Some of the many items in our TODO list for Vulcan.NET had to do with optimizing the runtime and adding some missing functionality (like passing USUALs by reference to CLIPPER methods) to it. We had already implemented some, like improving performance of the late binding system, but for obvious reasons we were not able to make any further improvements in Vulcan.NET. But now, with the fresh start of XSharp, it is a great opportunity to make things right and fast from the beginning. In this article we will discuss optimizations planned or already implemented on the USUAL, FLOAT and ARRAY data types, more about other types and parts of the runtime will follow in future articles.
In Vulcan.NET, the VO-compatible USUAL type is defined as a structure (value type), which makes sense, as it is easier this way to emulate the semantics of the USUAL type, the same way as it behaves in VO. Structures are supposed to be lightweight, compact data types, usually a few bytes long, in order to achieve good performance when copying values from one to another, or passing them as parameters to methods etc. Examples of very common structures used in the system classes are System.Drawing.Point (8 bytes long) and Rectangle (16 bytes long).
The problem with the way the USUAL type is implemented in Vulcan.NET, is that it’s much longer than that. It is easy to check its size, with a simple line of code:
This reveals that the USUAL type is 28 bytes long, which is a bit too long and is hurting performance, especially in tight loops. It also causes high memory consumption, especially considering the fact that the elements of the ARRAY data type are of USUAL type, and usage of ARRAYs is extremely common in VO-style applications. In addition, the ARRAY type internally uses an ArrayList (and not a List<USUAL>) for holding its elements, which further contributes to a larger memory footprint. Because of the two above reasons combined, an ARRAY of one million elements (even if they are all NIL) in Vulcan.NET consumes 40 megabytes of memory!
Without getting into too much technical detail, the reason why Vulcan’s USUAL is 28 bytes long, is that, as can be easily seen with Reflector or any similar tool, it consists of the following instance fields:
|_usualType||UsualType (INT32 ENUM)||4 bytes|
|_valueNoGC||NonGCData (STRUCTURE)||16 bytes|
Which make for a total length of 28 bytes. (Note: those size values are accurate when building the runtime in 32bit mode, which is the only mode in which the VO-compatible runtime types are designed to be used with. For XSharp, it is not yet decided if it will be possible to use those types also in 64bit/AnyCPU mode, but in the rest of the article we will always assume 32bits, for direct comparison with the Vulcan.NET implementation).
The NonGCData type is another structure, a union that holds non-collectable data types that the USUAL type directly supports, like INTs, LOGICs, FLOATs etc.
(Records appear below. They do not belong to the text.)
lemma leaves_below_leaf:
  assumes "valid S s" "children_at S s = []"
  shows "leaves_below S s = {s}"
proof -
  have "subtr S s = Nd []"
    using assms(2) by (cases "subtr S s") simp
  moreover have "valid (Nd []) q \<Longrightarrow> q = []" for q
    by (cases q) simp_all
  ultimately show ?thesis
    using assms by (auto simp: leaves_below_def leaves_def edges_def valid_append)
qed

lemma leaves_below_node:
  assumes "valid S s" "children_at S s \<noteq> []"
  shows "leaves_below S s = (\<Union>i<length (children_at S s). leaves_below S (s @ [i]))"
proof (intro equalityI subsetI)
  fix p assume "p \<in> leaves_below S s"
  then obtain q where q: "p = s @ q" "valid S p" "children_at S p = []"
    by (auto simp: leaves_below_def leaves_def edges_def)
  with assms(2) obtain i q' where "q = i # q'"
    by (cases q) auto
  with q have "i < length (children_at S s)" "p = (s @ [i]) @ q'"
    by (cases "subtr S s"; simp add: valid_append)+
  with q show "p \<in> (\<Union>i<length (children_at S s). leaves_below S (s @ [i]))"
    by (auto simp: leaves_below_def leaves_def edges_def)
qed (auto simp: leaves_below_def)

lemma image_mset_eq_mset_setE:
  assumes "finite I" "image_mset f M = mset_set I"
  obtains h where "M = image_mset h (mset_set I)" "\<And>l. l \<in> I \<Longrightarrow> f (h l) = l"
proof -
  have "\<exists>h. M = image_mset h (mset_set I) \<and> (\<forall>l\<in>I. f (h l) = l)"
    using assms
  proof (induction I arbitrary: M rule: finite_induct)
    case empty
    then show ?case by simp
  next
    case (insert l I)
    then have "l \<in># image_mset f M" by simp
    then obtain A M' where M: "M = add_mset A M'" and "f A = l"
      by (auto dest: multi_member_split)
    with insert have "image_mset f M' = mset_set I" by simp
    with insert.IH obtain h where h: "M' = image_mset h (mset_set I)" "\<forall>l\<in>I. f (h l) = l"
      by blast
    have "image_mset (h(l := A)) (mset_set I) = image_mset h (mset_set I)"
      using insert.hyps by (intro image_mset_cong) auto
    with M h \<open>f A = l\<close> insert.hyps show ?case
      by (intro exI[of _ "h(l := A)"]) (simp del: fun_upd_apply, simp)
  qed
  then show ?thesis using that by blast
qed

lemma mset_set_UN_disjoint:
  assumes "finite I" "\<And>i. i \<in> I \<Longrightarrow> finite (F i)" "disjoint_family_on F I"
  shows "mset_set (\<Union>i\<in>I. F i) = (\<Sum>i\<in>I. mset_set (F i))"
  using assms
proof (induction I rule: finite_induct)
  case (insert i I)
  then have "F i \<inter> (\<Union>i\<in>I. F i) = {}" "disjoint_family_on F I"
    by (simp_all add: disjoint_family_on_insert)
  with insert show ?case
    by (simp add: mset_set_Union)
qed simp

lemma sum_eq_mset_set_UN_component:
  assumes "finite I" "(\<Sum>i\<in>I. X i) = mset_set (\<Union>i\<in>I. F i)" "disjoint_family_on D I"
    and "\<And>i. i \<in> I \<Longrightarrow> set_mset (X i) \<subseteq> D i"
    and "\<And>i. i \<in> I \<Longrightarrow> F i \<subseteq> D i" "\<And>i. i \<in> I \<Longrightarrow> finite (F i)" "j \<in> I"
  shows "X j = mset_set (F j)"
proof (rule multiset_eqI)
  fix x
  show "count (X j) x = count (mset_set (F j)) x"
  proof (cases "x \<in> D j")
    case True
    have "x \<notin># X i" "x \<notin> F i" if "i \<in> I" "i \<noteq> j" for i
      using assms(3-5) assms(7) True that unfolding disjoint_family_on_def by blast+
    then have "count (X j) x = (\<Sum>i\<in>I. count (X i) x)"
      "x \<in> (\<Union>i\<in>I. F i) \<longleftrightarrow> x \<in> F j"
      using assms(1,7) by (auto simp: sum.remove not_in_iff intro!: sum.neutral)
    with assms show ?thesis
      by (simp add: count_sum[symmetric] count_mset_set')
  next
    case False
    with assms(4,5,7) show ?thesis
      by (auto simp: not_in_iff[symmetric] count_mset_set')
  qed
qed

definition descendants :: "nat list \<times> nat list \<Rightarrow> (nat list \<times> nat list) set" where
  "descendants l = {(fst l @ a, snd l @ b) | a b. True}"

lemma descendants_trans: "l' \<in> descendants l \<Longrightarrow> descendants l' \<subseteq> descendants l"
  by (auto simp: descendants_def)

definition S_children :: "ptree \<Rightarrow> nat list \<Rightarrow> nat list \<Rightarrow> (nat list \<times> nat list) set" where
  "S_children S s t = (\<lambda>s'. (s', t)) ` set (above S s)"

definition T_children :: "ptree \<Rightarrow> nat list \<Rightarrow> nat list \<Rightarrow> (nat list \<times> nat list) set" where
  "T_children T s t = (\<lambda>t'. (s, t')) ` set (above T t)"

lemma S_children_eq: "S_children S s t = (\<lambda>i. (s @ [i], t)) ` {..<length (children_at S s)}"
  by (auto simp: S_children_def above_def)

lemma T_children_eq: "T_children T s t = (\<lambda>i. (s, t @ [i])) ` {..<length (children_at T t)}"
  by (auto simp: T_children_def above_def)

lemma shuf_ok_LN:
  "shuf_ok S T (LN (s, t) M) \<longleftrightarrow>
     (M = {#} \<or> image_mset lab M = mset_set (S_children S s t) \<or>
      image_mset lab M = mset_set (T_children T s t)) \<and> (\<forall>A\<in>#M. shuf_ok S T A)"
proof -
  have mset_above: "mset (map f (above R p)) = mset_set (f ` set (above R p))" if "inj f" for f R p
  proof -
    have "distinct (map f (above R p))"
      using that by (auto simp: above_def distinct_map inj_on_def inj_def)
    then show ?thesis
      by (metis mset_set_set set_map)
  qed
  have "mset (map (\<lambda>s'. (s', t)) (above S s)) = mset_set (S_children S s t)"
    "mset (map (\<lambda>t'. (s, t')) (above T t)) = mset_set (T_children T s t)"
    unfolding S_children_def T_children_def by (rule mset_above; simp add: inj_def)+
  then show ?thesis
    by (simp only: shuf_ok.simps)
qed

lemma finite_children: "finite (S_children S s t)" "finite (T_children T s t)"
  by (simp_all add: S_children_def T_children_def)

lemma children_subset_descendants:
  "S_children S s t \<subseteq> descendants (s, t)" "T_children T s t \<subseteq> descendants (s, t)"
  by (auto simp: S_children_eq T_children_eq descendants_def)

lemma leaf_labels_subset_descendants:
  "shuf_ok S T A \<Longrightarrow> set_mset (leaf_labels A) \<subseteq> descendants (lab A)"
proof (induction S T A rule: shuf_ok.induct)
  case (1 S T s t M)
  show ?case
  proof (cases "M = {#}")
    case True
    then show ?thesis by (auto simp: descendants_def)
  next
    case False
    have "lab A \<in> descendants (s, t)" if "A \<in># M" for A
    proof -
      have "lab A \<in># image_mset lab M"
        using that by simp
      moreover have "image_mset lab M = mset_set (S_children S s t) \<or>
          image_mset lab M = mset_set (T_children T s t)"
        using "1.prems" False shuf_ok_LN by blast
      ultimately have "lab A \<in> S_children S s t \<union> T_children T s t"
        using finite_children by (metis Un_iff elem_mset_set)
      then show ?thesis
        using children_subset_descendants by blast
    qed
    with "1.IH" "1.prems" False show ?thesis
      by (fastforce dest: descendants_trans)
  qed
qed

definition leaf_pairs :: "ptree \<Rightarrow> ptree \<Rightarrow> nat list \<times> nat list \<Rightarrow> (nat list \<times> nat list) set" where
  "leaf_pairs S T l = leaves_below S (fst l) \<times> leaves_below T (snd l)"

lemma finite_leaf_pairs: "finite (leaf_pairs S T l)"
  by (simp add: leaf_pairs_def finite_leaves_below)

lemma leaf_pairs_subset_descendants: "leaf_pairs S T l \<subseteq> descendants l"
  by (auto simp: leaf_pairs_def leaves_below_def descendants_def)

text \<open>Shuffles of the subtrees \<open>S\<^sub>s\<close> and \<open>T\<^sub>t\<close>, their edges labelled by their addresses
  in \<open>S\<close> and \<open>T\<close>.\<close>
definition shuffles_at :: "ptree \<Rightarrow> ptree \<Rightarrow> nat list \<times> nat list \<Rightarrow> (nat list \<times> nat list) ltree set" where
  "shuffles_at S T l =
     {A. lab A = l \<and> leaf_labels A = mset_set (leaf_pairs S T l) \<and> shuf_ok S T A}"

lemma sh_eq_card_shuffles_at: "sh S T = card (shuffles_at S T ([], []))"
  by (simp add: sh_def shuffles_at_def is_shuffle_def leaf_pairs_def leaves_below_Nil)

definition forests :: "ptree \<Rightarrow> ptree \<Rightarrow> (nat list \<times> nat list) set \<Rightarrow>
    (nat list \<times> nat list) ltree multiset set" where
  "forests S T I =
     {M. image_mset lab M = mset_set I \<and> (\<forall>A\<in>#M. A \<in> shuffles_at S T (lab A))}"

lemma bij_betw_forests:
  assumes "finite I"
  shows "bij_betw (\<lambda>h. image_mset h (mset_set I)) (Pi\<^sub>E I (shuffles_at S T)) (forests S T I)"
proof -
  have lab_h: "lab (h l) = l" if "h \<in> Pi\<^sub>E I (shuffles_at S T)" "l \<in> I" for h l
    using that by (auto simp: shuffles_at_def)
  show ?thesis
  proof (rule bij_betwI')
    fix h1 h2 assume h: "h1 \<in> Pi\<^sub>E I (shuffles_at S T)" "h2 \<in> Pi\<^sub>E I (shuffles_at S T)"
    show "image_mset h1 (mset_set I) = image_mset h2 (mset_set I) \<longleftrightarrow> h1 = h2"
    proof
      assume eq: "image_mset h1 (mset_set I) = image_mset h2 (mset_set I)"
      show "h1 = h2"
      proof (rule PiE_ext[OF h])
        fix l assume "l \<in> I"
        then have "h1 l \<in># image_mset h2 (mset_set I)"
          using assms by (simp flip: eq)
        then obtain l' where "l' \<in> I" "h1 l = h2 l'"
          using assms by auto
        with \<open>l \<in> I\<close> lab_h h show "h1 l = h2 l"
          by metis
      qed
    qed simp
  next
    fix h assume h: "h \<in> Pi\<^sub>E I (shuffles_at S T)"
    then have "image_mset (lab \<circ> h) (mset_set I) = image_mset id (mset_set I)"
      using assms lab_h by (intro image_mset_cong) auto
    then have "image_mset lab (image_mset h (mset_set I)) = mset_set I"
      by (simp add: multiset.map_comp)
    moreover have "h l \<in> shuffles_at S T (lab (h l))" if "l \<in> I" for l
      using h lab_h[OF h that] that by auto
    ultimately show "image_mset h (mset_set I) \<in> forests S T I"
      using assms by (auto simp: forests_def)
  next
    fix M assume "M \<in> forests S T I"
    then obtain h where h: "M = image_mset h (mset_set I)" "\<And>l. l \<in> I \<Longrightarrow> lab (h l) = l"
      "\<forall>A\<in>#M. A \<in> shuffles_at S T (lab A)"
      using image_mset_eq_mset_setE[OF assms] unfolding forests_def by blast
    then have "restrict h I \<in> Pi\<^sub>E I (shuffles_at S T)"
      using assms by auto
    moreover have "M = image_mset (restrict h I) (mset_set I)"
      using h(1) assms by (auto intro: image_mset_cong)
    ultimately show "\<exists>h\<in>Pi\<^sub>E I (shuffles_at S T). M = image_mset h (mset_set I)"
      by blast
  qed
qed

lemma finite_forests:
  assumes "finite I" "\<And>l. l \<in> I \<Longrightarrow> finite (shuffles_at S T l)"
  shows "finite (forests S T I)"
proof -
  have "finite (Pi\<^sub>E I (shuffles_at S T))"
    using assms by (intro finite_PiE)
  then show ?thesis
    using bij_betw_finite[OF bij_betw_forests[OF assms(1)]] by blast
qed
The reason why this structure is 16 bytes long, it is that one of its members is of the FLOAT type, which is another structure that consists of the following fields:
where “_value” holds the actual value of the FLOAT, while the other two fields hold formatting information.
Fortunately, it is possible to implement the USUAL type in a similar, but more compact way. In XSharp, we have used a similar field layout, but the type of the _IsByRef and _usualType fields have been changed to BYTE, saving 6 bytes from Vulcan’s implementation, while keeping the same functionality. Furthermore, the NonGCData union does not include a complete FLOAT field, but only a System.Double field for storing only the actual numeric value instead, reducing its size from 16 to 8 bytes. The formatting information is being stored inside the USUAL type instead, in two new BYTE fields.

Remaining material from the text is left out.